Tuesday, October 14, 2008

Laughter Reviews #21

THE ACCIDENTAL DEMONSLAYER
ANGIE FOX
PARANORMAL COMEDY

Premise
Orphaned preschool teacher is reunited with her Harley-riding grandmother on the eve fo her 30th birthday and learns she must save a biker coven with her unsuspected demon-battling powers.

Cover
Eye-catching and attractive in color and graphics. Gives a pretty good idea of what to expect from content.


What Works
There were many original elements to this story. Apprentice Writer can honestly say she has never encountered a griffin shapeshifter hero, a septugenarian biker coven,or a talking dog (child-oriented movies excepted) before. There is a lot going on in terms of how many types of characters are packed in a short space of time, ensuring fast pace and low chance of reader becoming bored.
Those are good things. Yet AW couldn't help but wish that these new-to-her topics could have been explored a little more. The mythical beast shapeshifter hero was intriguing, but there no exploration of how his dual nature impacted on the relationship, with the heroine interacting with (and annoyed by) him solely in his human form and almost no use made of the fact that he could fly. The concept of a Harley-riding coven relying heavily on roadkill and drawn to a casino river-boat was unique, but there was no backstory on how it developed nor the almost exclusive female focus, with but a single male coven member and no mention of or curiosity about, for example, the heroine's grandfather (as might be a logical question with the sudden appearance in one's life of a never-before-met grandmother). There was no plot opportunity to find if the heroine could hear other animals speak, or whether other people heard her dog too.
Much of this was no doubt for the sake of maintaining fast pace. Maybe curiosity will be satisfied in future stories.


What Doesn't
Over and over, the characters act and react in puzzling ways that threw this reader off. This is most pronounced with the heroine, who tolerates being ripped from her life and tossed into extreme situations by a grandmother who gives her very little information to work with and never explains why she's been absent all these decades. Perhaps Lizzie's acquiesence, to her grandmother and the belligerent and at times outright physcially abusive behaviour of her biker friends, can be explained by the psychology of a person with abandonment issues who suddenly finds a family member. But her pattern of accepting poor treatment from the grandmother and then indulging in negative overreaction to the hero's supposed faults (as though giving him the dose her grandmother deserves as well as his own) grew tedious. It reached martyr complex level in a scene where she chastises herself for failing her grandmother who "...had shown her nothing but honesty and respect." No, actually. She showed neither, and Lizzie's inability/refusal to recognize this made the story clunky.
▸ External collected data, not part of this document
lemma VOA_Vir: "is_VOA sc Vir md vac \<omega>'"
  unfolding is_VOA_iff
proof (intro conjI ballI allI)
  show "is_vertex_algebra sc Vir md vac" by (rule vertex_algebra_Vir)
  show "\<omega>' \<in> Vir" by (rule omega'_in_Vir)
  show "\<exists>c. virasoro_relations sc Vir md \<omega>' c" using virasoro_relations_omega' ..
  show "md (Lop md \<omega>' (- 1) u) n v = sc (- of_int n) (md u (n - 1) v)" if "u \<in> Vir" for u v n
    using md_derivative_Vir[OF that] by (simp add: Lop_def)
  show "\<exists>S f. finite S \<and> (\<forall>n\<in>S. f n \<in> wt_space sc Vir md \<omega>' n) \<and> v = sum f S" if "v \<in> Vir" for v
    using Vir_graded[OF that] unfolding finite_sum_of_def wt_space_Vir .
  show "\<exists>B. finite B \<and> B \<subseteq> wt_space sc Vir md \<omega>' n \<and> wt_space sc Vir md \<omega>' n \<subseteq> span B" for n
    by (rule wt_space_Vir_finite_basis)
  show "\<exists>N. \<forall>n<N. wt_space sc Vir md \<omega>' n = {0}" by (rule wt_space_Vir_bounded_below)
qed

lemma semi_conformal_omega': "semi_conformal sc md vac \<omega>W \<omega>'"
  unfolding semi_conformal_def
proof (intro exI conjI allI impI ballI)
  show "is_VOA sc Vir md vac \<omega>'" by (rule VOA_Vir)
  show "Lop md \<omega>W n u = Lop md \<omega>' n u" if "n \<ge> 0" "u \<in> Vir" for n u
    using md_omegaW_eq_md_omega'_on_Vir[OF that(2), of "nat (n + 1)"] that(1) by (simp add: Lop_def)
qed

end

lemma conformal_modes_semi_conformal:
  assumes "is_VOA sc UNIV md vac \<omega>W"
    and "\<forall>n\<ge>-1. Lop md \<omega>' n \<omega>' = Lop md \<omega>W n \<omega>'"
    and "conformal_modes sc md vac \<omega>' c"
  shows "semi_conformal sc md vac \<omega>W \<omega>'"
proof -
  interpret conformal_candidate sc md vac \<omega>W \<omega>' c
    using assms by unfold_locales simp_all
  show ?thesis by (rule semi_conformal_omega')
qed

theorem proposition2p2:
  fixes sc :: "complex \<Rightarrow> 'v::ab_group_add \<Rightarrow> 'v"
    and md :: "'v \<Rightarrow> int \<Rightarrow> 'v \<Rightarrow> 'v"
    and vac \<omega>W \<omega>' :: 'v
  assumes W: "is_VOA sc UNIV md vac \<omega>W"
    and w2: "\<omega>' \<in> wt_space sc UNIV md \<omega>W 2"
  shows "semi_conformal sc md vac \<omega>W \<omega>' \<longleftrightarrow>
     (Lop md \<omega>' 0 \<omega>' = Lop md \<omega>W 0 \<omega>' \<and> Lop md \<omega>W 0 \<omega>' = sc 2 \<omega>'
      \<and> Lop md \<omega>' 1 \<omega>' = Lop md \<omega>W 1 \<omega>' \<and> Lop md \<omega>W 1 \<omega>' = 0
      \<and> (\<exists>c'::complex. Lop md \<omega>' 2 \<omega>' = Lop md \<omega>W 2 \<omega>' \<and> Lop md \<omega>W 2 \<omega>' = sc (c' / 2) vac)
      \<and> Lop md \<omega>' (-1) \<omega>' = Lop md \<omega>W (-1) \<omega>'
      \<and> (\<forall>n\<ge>3. Lop md \<omega>' n \<omega>' = Lop md \<omega>W n \<omega>' \<and> Lop md \<omega>W n \<omega>' = 0))"
  unfolding agreeing_conformal_modes_iff[symmetric]
  using semi_conformal_conformal_modes[OF W] conformal_modes_semi_conformal[OF W] by blast

end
To be fair, matters improve a little towards the end of the book. For this reader's taste, it took too long to get there.


Overall
This debut author writes with verve and imagination. It will be interesting to see what she comes upwith next, especially in the publicity department. Who could resist finding out their own personal biker name at the author's website? Certainly not AW, who wears her moniker Spaghetti Neck Stella Wheeliegig with pride.


But does it make you laugh? YES (with qualifiers)
Much of the humor seems to center on roadkill and the hygiene/fashion-challenged nature of the coven. A little of that goes a long way. Due to the mismatch between expected character reactions and how they really react, some of the humor may also not have struck as intensely as might otherwise have be the case. But the parts that worked well were very enjoyable, mostly from the 'fish out of water' angle of a straight-laced, slightly obsessive-compulsive preschool teacher forced to deal with mile-a-minute new paranormal challenges to her concept of reality. At one point she wonders, not even sarcastically,

Did he know of another hideoutnearby? If werewolves ran Shoney's,

perhaps a dragon BBQjoint would be just the spot, or maybe a

Denny's run by leprechauns.I'd even be open to a mermaid water

park. "Where in the world of weird creatures are youtaking me?"

"Motel 6."

The hight point of the story may have been the depiction of hell. The scenes of final confrontation with the fifth-level demon, while rescuring someone from the second level of hell (AW kept waiting for an elevator joke) were highly creative, and the demon, a sort of world-weary mad scientist, gets the best line.

Did Apprentice Writer laugh as much as promised by cover blurbs? No, but she will read this author again to enjoy the sheer richness of imagination.




4 comments:

Ana said...

Great review there M. I felt pretty much the same way. I thought some things were highly creative, there were good laughs to have , the hell bit was awesome. On the other hand, yes the heroine put up with a lot without complaining and i felt the relationship with the griffin was less than satisfying.

It does feel like a first book though so maybe things will improve in the next book. I am definitely reading it.

Amy Ruttan said...

I like the title, but my TBR pile is so huge, it might collapse on me.

M. said...

ana - well put.

amy - i hear you! i'm toying with an extreme tough love situation to deal with my TBR already purchased and taking-up-space piles.

Julia Phillips Smith said...

Extreme tough love TBR strategy - LOL!